The hygiene hypothesis has also been called the "microbiome depletion theory", "microbial diversity hypothesis", and the "lost friends theory".[2] Experts have proposed a different name to recognize the importance of hygiene in avoiding pathogens, and instead promote "targeted hygiene".[1]



The original formulation of the hygiene hypothesis dates from 1989 when David Strachan proposed that lower incidence of infection in early childhood could be an explanation for the rapid 20th century rise in allergic diseases such as asthma and hay fever.[3]

It is now also recognised that the "reduced microbial exposure" concept applies to a much broader range of chronic inflammatory diseases than asthma and hay fever, which includes diseases such as type 1 diabetes[4] and multiple sclerosis,[5] and also some types of depression[5][6] and cancer.[7][specify]

In 2003 Graham Rook proposed the "old friends hypothesis" which some claim offers a more rational explanation for the link between microbial exposure and inflammatory disorders.[8] He argues that the vital microbial exposures are not colds, influenza, measles and other common childhood infections which have evolved relatively recently over the last 10,000 years, but rather the microbes already present during mammalian and human evolution, that could persist in small hunter gatherer groups as microbiota, tolerated latent infections or carrier states. He proposes that humans have become so dependent on these "old friends" that their immune systems neither develop properly nor function properly without them.
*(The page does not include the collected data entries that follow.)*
lemma involutory_homology_normal_form:
  fixes p :: "'a::field^3"
  assumes hom: "involutory_homology f P" and P: "P = pt p" "p \<noteq> 0"
  obtains v where "dot3 v p \<noteq> 0"
    and "\<And>z. z \<noteq> 0 \<Longrightarrow> z + dot3 v z *s p \<noteq> 0 \<and> f (pt z) = pt (z + dot3 v z *s p)"
    and "\<And>Q. Q \<notin> pg_points \<Longrightarrow> f Q = undefined"
proof -
  obtain M where inv: "invertible M" and fM: "f = proj_of M"
    using hom unfolding involutory_homology_def is_projectivity_def by blast
  have fpt: "f (pt z) = pt (M *v z)" if "z \<noteq> 0" for z using proj_of_pt[OF that] fM by simp
  have "pt (M *v p) = pt p" using hom P fpt[OF P(2)] unfolding involutory_homology_def by simp
  then obtain mu where mu: "M *v p = mu *s p" using pt_eqD by blast
  obtain l where l: "l \<in> pg_lines" "P \<notin> l" "\<forall>Q\<in>l. f Q = Q"
    using hom unfolding involutory_homology_def by blast
  then obtain w where w: "w \<noteq> 0" "l = line_of w" using pg_linesE by blast
  have wp: "dot3 w p \<noteq> 0" using l(2) w(2) pt_in_line_of_iff[OF P(2)] P(1) by simp
  have "\<forall>Q\<in>line_of w. proj_of M Q = Q" using l(3) w(2) fM by simp
  then obtain lam where "lam \<noteq> 0" and lam: "\<And>x. dot3 w x = 0 \<Longrightarrow> M *v x = lam *s x"
    using proj_of_fixing_line_pointwise[OF inv w(1)] by blast
  define v where "v = ((mu - lam) / (lam * dot3 w p)) *s w"
  have Mz: "M *v z = lam *s (z + dot3 v z *s p)" for z
    using matrix_scalar_plus_rank_one[OF mu lam wp \<open>lam \<noteq> 0\<close>] by (simp add: v_def dot3_simps)
  have image: "z + dot3 v z *s p \<noteq> 0 \<and> f (pt z) = pt (z + dot3 v z *s p)" if "z \<noteq> 0" for z
  proof
    show "z + dot3 v z *s p \<noteq> 0"
      using invertible_mult_neq_0[OF inv that] unfolding Mz by (metis vector_smult_rzero)
    show "f (pt z) = pt (z + dot3 v z *s p)"
      using fpt[OF that] unfolding Mz by (simp only: pt_smult[OF \<open>lam \<noteq> 0\<close>])
  qed
  have "dot3 v p \<noteq> 0"
  proof
    assume "dot3 v p = 0"
    then have "mu = lam" using wp \<open>lam \<noteq> 0\<close> by (simp add: v_def dot3_simps field_simps)
    then have "f Q = Q" if "Q \<in> pg_points" for Q
      using that image by (auto elim!: pg_pointsE simp: v_def dot3_simps)
    then show False using hom unfolding involutory_homology_def by blast
  qed
  then show ?thesis
  proof (rule that)
    show "f Q = undefined" if "Q \<notin> pg_points" for Q
      using that unfolding fM proj_of_def by simp
  qed (use image in blast)
qed

lemma involutory_homology_center: "involutory_homology f P \<Longrightarrow> P \<in> pg_points"
  by (simp add: involutory_homology_def)

lemma involutory_homology_maps_line_through_center:
  assumes "involutory_homology f P" "l \<in> pg_lines" "P \<in> l"
  shows "f ` l \<subseteq> l"
proof
  obtain p where p: "p \<noteq> 0" "P = pt p"
    using involutory_homology_center[OF assms(1)] by (rule pg_pointsE)
  obtain v where v: "dot3 v p \<noteq> 0"
    "\<And>z. z \<noteq> 0 \<Longrightarrow> z + dot3 v z *s p \<noteq> 0 \<and> f (pt z) = pt (z + dot3 v z *s p)"
    "\<And>Q. Q \<notin> pg_points \<Longrightarrow> f Q = undefined"
    using involutory_homology_normal_form[OF assms(1) p(2,1)] by blast
  obtain u where u: "u \<noteq> 0" "l = line_of u" using assms(2) by (rule pg_linesE)
  have up: "dot3 u p = 0" using assms(3) u(2) p pt_in_line_of_iff by blast
  fix Y assume "Y \<in> f ` l"
  then obtain z where z: "z \<noteq> 0" "dot3 u z = 0" "Y = f (pt z)"
    using u(2) unfolding line_of_def by blast
  then have "z + dot3 v z *s p \<noteq> 0" "Y = pt (z + dot3 v z *s p)" using v(2) by simp_all
  then show "Y \<in> l"
    using pt_in_line_of_iff[of "z + dot3 v z *s p" u] z(2) up u(2) by (simp add: dot3_simps)
qed

lemma involutory_homology_fixed_points:
  assumes "involutory_homology f P"
  obtains ax where "ax \<in> pg_lines" "P \<notin> ax" "\<And>Q. Q \<in> pg_points \<Longrightarrow> f Q = Q \<Longrightarrow> Q \<noteq> P \<Longrightarrow> Q \<in> ax"
proof -
  obtain p where p: "p \<noteq> 0" "P = pt p"
    using involutory_homology_center[OF assms] by (rule pg_pointsE)
  obtain v where v: "dot3 v p \<noteq> 0"
    "\<And>z. z \<noteq> 0 \<Longrightarrow> z + dot3 v z *s p \<noteq> 0 \<and> f (pt z) = pt (z + dot3 v z *s p)"
    "\<And>Q. Q \<notin> pg_points \<Longrightarrow> f Q = undefined"
    using involutory_homology_normal_form[OF assms p(2,1)] by blast
  have "v \<noteq> 0" using v(1) by (auto simp: dot3_simps)
  have off_axis: "P \<notin> line_of v" using v(1) p pt_in_line_of_iff by blast
  have on_axis: "Q \<in> line_of v" if Q: "Q \<in> pg_points" "f Q = Q" "Q \<noteq> P" for Q
  proof -
    obtain z where z: "z \<noteq> 0" "Q = pt z" using Q(1) by (rule pg_pointsE)
    have "cross3 p z \<noteq> 0" using cross3_neq_0_if_pt_neq p z Q(3) by blast
    moreover have "pt (z + dot3 v z *s p) = pt (z + 0 *s p)" using v(2)[OF z(1)] z(2) Q(2) by simp
    ultimately have "dot3 v z = 0" by (rule pt_add_smult_cancel)
    then show ?thesis using z pt_in_line_of_iff by blast
  qed
  show ?thesis
  proof (rule that)
    show "line_of v \<in> pg_lines" using \<open>v \<noteq> 0\<close> by (rule line_of_in_pg_lines)
  qed (use off_axis on_axis in blast)+
qed

lemma involutory_homology_eqI:
  assumes f: "involutory_homology f P" and g: "involutory_homology g P"
    and pts: "X \<in> pg_points" "Y \<in> pg_points" "Z \<in> pg_points" "P \<notin> {X, Y, Z}"
    and nc: "\<not> collinear_pts {X, Y, Z}"
    and agree: "f X = g X" "f Y = g Y" "f Z = g Z"
  shows "f = g"
proof -
  obtain p where p: "p \<noteq> 0" "P = pt p"
    using involutory_homology_center[OF f] by (rule pg_pointsE)
  obtain v where v: "dot3 v p \<noteq> 0"
    "\<And>z. z \<noteq> 0 \<Longrightarrow> z + dot3 v z *s p \<noteq> 0 \<and> f (pt z) = pt (z + dot3 v z *s p)"
    "\<And>Q. Q \<notin> pg_points \<Longrightarrow> f Q = undefined"
    using involutory_homology_normal_form[OF f p(2,1)] by blast
  obtain v' where v': "dot3 v' p \<noteq> 0"
    "\<And>z. z \<noteq> 0 \<Longrightarrow> z + dot3 v' z *s p \<noteq> 0 \<and> g (pt z) = pt (z + dot3 v' z *s p)"
    "\<And>Q. Q \<notin> pg_points \<Longrightarrow> g Q = undefined"
    using involutory_homology_normal_form[OF g p(2,1)] by blast
  have same: "dot3 (v - v') z = 0" if "z \<noteq> 0" "P \<noteq> pt z" "f (pt z) = g (pt z)" for z
  proof -
    have "cross3 p z \<noteq> 0" using cross3_neq_0_if_pt_neq p that(1,2) by metis
    moreover have "pt (z + dot3 v z *s p) = pt (z + dot3 v' z *s p)" using v v' that by simp
    ultimately show ?thesis by (simp add: dot3_simps pt_add_smult_cancel)
  qed
  obtain x y z where xyz: "x \<noteq> 0" "X = pt x" "y \<noteq> 0" "Y = pt y" "z \<noteq> 0" "Z = pt z"
    using pts(1-3) by (metis pg_pointsE)
  have "dot3 (v - v') x = 0" "dot3 (v - v') y = 0" "dot3 (v - v') z = 0"
    using same[of x] same[of y] same[of z] xyz pts(4) agree by simp_all
  moreover have "det3 x y z \<noteq> 0" using nc xyz collinear_pts_pt_iff by blast
  ultimately have "v - v' = 0" using det3_eq_0_if_orthogonal by blast
  then show ?thesis
  proof (intro ext)
    fix Q show "f Q = g Q"
      by (cases "Q \<in> pg_points") (use v v' \<open>v - v' = 0\<close> in \<open>auto elim: pg_pointsE\<close>)
  qed
qed

lemma exists_off_point_and_line:
  fixes p v :: "'a::field^3"
  assumes "p \<noteq> 0" "dot3 v p \<noteq> 0"
  obtains q where "cross3 p q \<noteq> 0" "dot3 v q \<noteq> 0"
proof -
  have "v \<noteq> 0" using assms(2) by (auto simp: dot3_simps)
  obtain w where w: "w \<noteq> 0" "dot3 v w = 0"
    using exists_orthogonal2[OF \<open>v \<noteq> 0\<close>, of v] by (metis dot3_commute)
  have "pt p \<noteq> pt w" using assms(2) w(2) by (auto dest!: pt_eqD simp: dot3_simps)
  then have "cross3 p w \<noteq> 0" using cross3_neq_0_if_pt_neq assms(1) w(1) by blast
  moreover have "cross3 p (w + p) = cross3 p w" by (simp add: vec3_eq_iff algebra_simps)
  moreover have "dot3 v (w + p) \<noteq> 0" using assms(2) w(2) by (simp add: dot3_simps)
  ultimately show ?thesis by (intro that[of "w + p"]) simp_all
qed

lemma outer_mult_vector: "(\<chi> i j. p$i * v$j) *v z = dot3 v z *s (p::'a::field^3)"
  by (simp add: matrix_vector_mult_def vec_eq_iff dot3_def sum_distrib_left mult_ac)

lemma involutory_homology_rank_one_update:
  fixes p v :: "'a::field^3"
  assumes two: "(2::'a) \<noteq> 0" and vp: "dot3 v p = -2"
  defines "M \<equiv> mat 1 + (\<chi> i j. p$i * v$j)"
  shows "\<And>z. z \<noteq> 0 \<Longrightarrow> proj_of M (pt z) = pt (z + dot3 v z *s p)"
    and "involutory_homology (proj_of M) (pt p)"
proof -
  define F where "F z = z + dot3 v z *s p" for z
  have Mv: "M *v z = F z" for z
    by (simp add: M_def F_def matrix_vector_mult_add_rdistrib outer_mult_vector)
  have FF: "F (F z) = z" for z
  proof -
    have "dot3 v (F z) = - dot3 v z" using vp by (simp add: F_def dot3_simps)
    then show ?thesis by (simp add: F_def vec3_eq_iff algebra_simps)
  qed
  have F0: "F z \<noteq> 0" if "z \<noteq> 0" for z
  proof
    assume "F z = 0"
    then have "F (F z) = 0" by (simp add: F_def dot3_simps)
    with FF that show False by simp
  qed
  have fpt: "proj_of M (pt z) = pt (F z)" if "z \<noteq> 0" for z
    using proj_of_pt[OF that] Mv by simp
  then show "\<And>z. z \<noteq> 0 \<Longrightarrow> proj_of M (pt z) = pt (z + dot3 v z *s p)" by (simp add: F_def)
  have "M ** M = mat 1"
    by (subst matrix_eq) (simp add: matrix_vector_mul_assoc[symmetric] Mv FF)
  then have "is_projectivity (proj_of M)"
    unfolding is_projectivity_def invertible_def by blast
  moreover have "\<forall>Q\<in>pg_points. proj_of M (proj_of M Q) = Q"
    using fpt F0 FF by (auto elim!: pg_pointsE)
  moreover have "v \<noteq> 0" "p \<noteq> 0" using vp two by (auto simp: dot3_simps dot3_expand)
  moreover have "\<exists>Q\<in>pg_points. proj_of M Q \<noteq> Q"
  proof -
    have "dot3 v p \<noteq> 0" using vp two by simp
    then obtain q where q: "cross3 p q \<noteq> 0" "dot3 v q \<noteq> 0"
      using exists_off_point_and_line[OF \<open>p \<noteq> 0\<close>] by blast
    have "q \<noteq> 0"
    proof
      assume "q = 0"
      with q(1) show False by (simp add: vec3_eq_iff)
    qed
    have "pt (q + dot3 v q *s p) \<noteq> pt (q + 0 *s p)" using pt_add_smult_cancel[OF q(1)] q(2) by blast
    then have "proj_of M (pt q) \<noteq> pt q" using fpt[OF \<open>q \<noteq> 0\<close>] by (simp add: F_def)
    then show ?thesis using pt_in_pg_points[OF \<open>q \<noteq> 0\<close>] by blast
  qed
  moreover have "proj_of M (pt p) = pt p"
  proof -
    have "F p = (-1) *s p" using vp by (simp add: F_def vec3_eq_iff algebra_simps)
    then show ?thesis using fpt[OF \<open>p \<noteq> 0\<close>] pt_smult[of "-1" p] by simp
  qed
  moreover have "\<exists>l\<in>pg_lines. pt p \<notin> l \<and> (\<forall>Q\<in>l. proj_of M Q = Q)"
  proof (intro bexI conjI ballI)
    show "pt p \<notin> line_of v" using pt_in_line_of_iff[OF \<open>p \<noteq> 0\<close>] vp two by simp
    show "proj_of M Q = Q" if "Q \<in> line_of v" for Q
      using that fpt unfolding line_of_def by (auto simp: F_def)
  qed (rule line_of_in_pg_lines[OF \<open>v \<noteq> 0\<close>])
  moreover have "pt p \<in> pg_points" using \<open>p \<noteq> 0\<close> by (rule pt_in_pg_points)
  ultimately show "involutory_homology (proj_of M) (pt p)"
    unfolding involutory_homology_def by blast
qed

lemma triangle_side_coordinates:
  assumes pts: "A \<in> pg_points" "B \<in> pg_points" "C \<in> (pg_points :: 'a::field pgpoint set)"
    "P \<in> pg_points"
    and nc: "\<not> collinear_pts {A, B, C}" and col: "collinear_pts {P, B, C}"
    and PBC: "P \<noteq> B" "P \<noteq> C"
  obtains a b c where "A = pt a" "B = pt b" "C = pt c" "P = pt (b + c)" "det3 a b c \<noteq> 0"
proof -
  obtain a b0 c0 p0 where reps: "a \<noteq> 0" "A = pt a" "b0 \<noteq> 0" "B = pt b0" "c0 \<noteq> 0" "C = pt c0"
    "p0 \<noteq> 0" "P = pt p0"
    using pts by (metis pg_pointsE)
  define D where "D = det3 a b0 c0"
  have "D \<noteq> 0" using nc reps collinear_pts_pt_iff unfolding D_def by blast
  have "det3 p0 b0 c0 = 0" using col reps collinear_pts_pt_iff by blast
  then have cr: "D *s p0 = det3 a p0 c0 *s b0 + det3 a b0 p0 *s c0"
    using cramer3[of a b0 c0 p0] by (simp add: D_def)
  have "pt (D *s p0) = P" using pt_smult[OF \<open>D \<noteq> 0\<close>] reps by simp
  have "det3 a p0 c0 \<noteq> 0"
  proof
    assume "det3 a p0 c0 = 0"
    then have "D *s p0 = det3 a b0 p0 *s c0" using cr by simp
    moreover have "D *s p0 \<noteq> 0" using \<open>D \<noteq> 0\<close> reps(7) by (simp add: vec3_eq_iff vec3_neq_0_iff)
    ultimately have "det3 a b0 p0 \<noteq> 0" by auto
    then show False
      using \<open>D *s p0 = det3 a b0 p0 *s c0\<close> \<open>pt (D *s p0) = P\<close> PBC(2) reps(6) by (simp add: pt_smult)
  qed
  have "det3 a b0 p0 \<noteq> 0"
  proof
    assume "det3 a b0 p0 = 0"
    then have "D *s p0 = det3 a p0 c0 *s b0" using cr by simp
    then show False
      using \<open>pt (D *s p0) = P\<close> PBC(1) reps(4) \<open>det3 a p0 c0 \<noteq> 0\<close> by (simp add: pt_smult)
  qed
  define b where "b = det3 a p0 c0 *s b0"
  define c where "c = det3 a b0 p0 *s c0"
  have BC: "B = pt b" "C = pt c" "P = pt (b + c)"
    using reps pt_smult \<open>det3 a p0 c0 \<noteq> 0\<close> \<open>det3 a b0 p0 \<noteq> 0\<close> \<open>pt (D *s p0) = P\<close> cr
    by (simp_all add: b_def c_def pt_smult)
  moreover have "det3 a b c \<noteq> 0"
    using \<open>D \<noteq> 0\<close> \<open>det3 a p0 c0 \<noteq> 0\<close> \<open>det3 a b0 p0 \<noteq> 0\<close> by (simp add: b_def c_def D_def det3_smult)
  ultimately show ?thesis using that reps(2) by blast
qed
Strachan's original formulation of the hygiene hypothesis also centred around the idea that smaller families provided insufficient microbial exposure partly because of less person-to-person spread of infections, but also because of "improved household amenities and higher standards of personal cleanliness".[3] It seems likely that this was the reason he named it the "hygiene hypothesis". Although the "hygiene revolution" of the nineteenth and twentieth centuries may have been a major factor, it now seems more likely that, although public health measures such as sanitation, potable water and garbage collection were instrumental in reducing our exposure to cholera, typhoid and so on, they also deprived people of their exposure to the "old friends" that occupy the same environmental habitats.[9][10]

The rise of autoimmune diseases and acute lymphoblastic leukemia in young people in the developed world was linked to the hygiene hypothesis.[11][12] Autism may be associated with changes in the gut microbiome and early infections.[13]
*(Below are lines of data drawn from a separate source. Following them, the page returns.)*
(* Let $b,c,d:[0,1]\to\mathbb{C}$ be continuous with $c(x)d(x)\ne0$ for all $x\in[0,1]$, let $a(x,z)=d(x)z^{-1}+b(x)+c(x)z$, and let $R_n(a)=T_n(a)+\sigma_nX_n$ be as below. Let $k=k(n)$ be a sequence of positive integers with $k\to\infty$, $k=o(n)$ and $k\sigma_n^2\to0$. For $j\in\mathbb{N}$ with $1\le j\le n/k$, let $R_k^{(j)}$ be the $k\times k$ principal submatrix of $R_n(a)$ with row and column indices $(j-1)k+1,\dots,jk$. Fix $j\in\mathbb{N}$. Then for almost every $z\in\mathbb{C}$ and every $\varepsilon>0$, \[ \mathbb{P}\Bigl(\bigl|\log|\det(R_k^{(j)}-zI)|-k\,\gamma(jk/n,z)\bigr|\ge k\varepsilon\Bigr)=o(1)\quad(n\to\infty). \]
   Context: $T_n(a)$ is the tridiagonal matrix with diagonal entries $b(i/n)$, entries $d(i/n)$ at positions $(i,i+1)$ and $c(i/n)$ at positions $(i+1,i)$. $X_n$ is a random tridiagonal $n\times n$ matrix whose entries on the three central diagonals are i.i.d. with mean $0$ and finite variance (other entries $0$), and $\sigma_n>0$, $\sigma_n\to0$. For $x\in[0,1]$, $T_m(a_x)$ denotes the $m\times m$ tridiagonal Toeplitz matrix with symbol $a_x(z)=d(x)z^{-1}+b(x)+c(x)z$ (diagonal $b(x)$, off-diagonals $d(x)$ and $c(x)$), and $\gamma(x,z):=\lim_{m\to\infty}\frac1m\log|\det(T_m(a_x)-zI)|$, which equals $\log|c(x)|+\log\max(|\lambda_1|,|\lambda_2|)$ where $\lambda_{1,2}$ are the roots of $c(x)\lambda^2+(b(x)-z)\lambda+d(x)=0$. *)

theory Defs
  imports "HOL-Probability.Probability" "Jordan_Normal_Form.Determinant"
begin

definition tridiag :: "nat \<Rightarrow> nat \<Rightarrow> bool" where
  "tridiag r s \<longleftrightarrow> r = s \<or> s = r + 1 \<or> r = s + 1"

text \<open>The variable-coefficient tridiagonal matrix T_n(a): diagonal b(i/n), position (i,i+1)
  entry d(i/n), position (i+1,i) entry c(i/n) (1-indexed i; here written 0-indexed).\<close>
definition T_mat :: "(real \<Rightarrow> complex) \<Rightarrow> (real \<Rightarrow> complex) \<Rightarrow> (real \<Rightarrow> complex)
    \<Rightarrow> nat \<Rightarrow> complex mat" where
  "T_mat b c d n = mat n n (\<lambda>(r, s).
     if r = s then b (real (r + 1) / real n)
     else if s = r + 1 then d (real (r + 1) / real n)
     else if r = s + 1 then c (real (s + 1) / real n)
     else 0)"

definition X_mat :: "(nat \<Rightarrow> nat \<Rightarrow> nat \<Rightarrow> 'w \<Rightarrow> complex) \<Rightarrow> nat \<Rightarrow> 'w \<Rightarrow> complex mat" where
  "X_mat \<xi> n \<omega> = mat n n (\<lambda>(r, s). if tridiag r s then \<xi> n r s \<omega> else 0)"

definition R_mat :: "(real \<Rightarrow> complex) \<Rightarrow> (real \<Rightarrow> complex) \<Rightarrow> (real \<Rightarrow> complex)
    \<Rightarrow> (nat \<Rightarrow> real) \<Rightarrow> (nat \<Rightarrow> nat \<Rightarrow> nat \<Rightarrow> 'w \<Rightarrow> complex) \<Rightarrow> nat \<Rightarrow> 'w \<Rightarrow> complex mat" where
  "R_mat b c d \<sigma> \<xi> n \<omega> = T_mat b c d n + complex_of_real (\<sigma> n) \<cdot>\<^sub>m X_mat \<xi> n \<omega>"

text \<open>The k x k principal submatrix with (1-indexed) row/column indices (j-1)k+1, ..., jk.\<close>
definition principal_block :: "complex mat \<Rightarrow> nat \<Rightarrow> nat \<Rightarrow> complex mat" where
  "principal_block A k j = mat k k (\<lambda>(r, s). A $$ ((j - 1) * k + r, (j - 1) * k + s))"

definition gamma_fn :: "(real \<Rightarrow> complex) \<Rightarrow> (real \<Rightarrow> complex) \<Rightarrow> (real \<Rightarrow> complex)
    \<Rightarrow> real \<Rightarrow> complex \<Rightarrow> real" where
  "gamma_fn b c d x z = ln (cmod (c x)) +
     ln (Max (cmod ` {l. c x * l ^ 2 + (b x - z) * l + d x = 0}))"

end

theory Submission
  imports Defs
begin

text \<open>For almost every \<open>z\<close> the roots \<open>\<mu>1, \<mu>2\<close> of \<open>\<mu>\<^sup>2 - (b 0 - z) \<mu> + c 0 d 0 = 0\<close> have distinct
  moduli \<open>|\<mu>2| < |\<mu>1|\<close>, and \<open>\<gamma>(0, z) = ln |\<mu>1|\<close>; equal moduli would put \<open>z\<close> on the image of a
  circle under a smooth map. Since \<open>jk/n \<rightarrow> 0\<close>, the \<open>j\<close>-th diagonal block of \<open>T\<^sub>n(a) - z\<close> is
  entrywise close to the Toeplitz matrix \<open>T\<^sub>k(a\<^sub>0) - z\<close>, and by Chebyshev's inequality and a union
  bound over its \<open>3k\<close> random entries, \<open>\<sigma>\<^sub>n X\<^sub>n\<close> is entrywise small on the block with probability
  \<open>1 - O(k \<sigma>\<^sub>n\<^sup>2)\<close>. On that event the determinant is a continuant whose three-term recurrence is a
  small perturbation of \<open>D (m + 2) = (\<mu>1 + \<mu>2) D (m + 1) - \<mu>1 \<mu>2 D m\<close>. Written in the coordinates of
  the two modes \<open>\<mu>1\<^sup>m\<close> and \<open>\<mu>2\<^sup>m\<close>, the dominant mode stays dominant, so
  \<open>|det| = |\<mu>1|\<^sup>k exp (o(k))\<close>. Finally \<open>\<gamma>(jk/n, z) \<rightarrow> ln |\<mu>1|\<close> by continuity.\<close>

section \<open>Continuants\<close>

fun continuant :: "(nat \<Rightarrow> 'a::comm_ring_1) \<Rightarrow> (nat \<Rightarrow> 'a) \<Rightarrow> nat \<Rightarrow> 'a" where
  "continuant \<alpha> \<beta> 0 = 1"
| "continuant \<alpha> \<beta> (Suc 0) = \<alpha> 0"
| "continuant \<alpha> \<beta> (Suc (Suc m)) =
     \<alpha> (Suc m) * continuant \<alpha> \<beta> (Suc m) - \<beta> (Suc m) * continuant \<alpha> \<beta> m"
The risk of chronic inflammatory diseases also depends on factors such as diet, pollution, physical activity, obesity, socio-economic factors and stress. Genetic predisposition is also a factor.[14][15][16]



Although the idea that exposure to certain infections may decrease the risk of allergy is not new, Strachan was one of the first to formally propose it, in an article published in the British Medical Journal in 1989.[17] This article proposed to explain the observation that hay fever and eczema, both allergic diseases, were less common in children from larger families, which were presumably exposed to more infectious agents through their siblings, than in children from families with only one child.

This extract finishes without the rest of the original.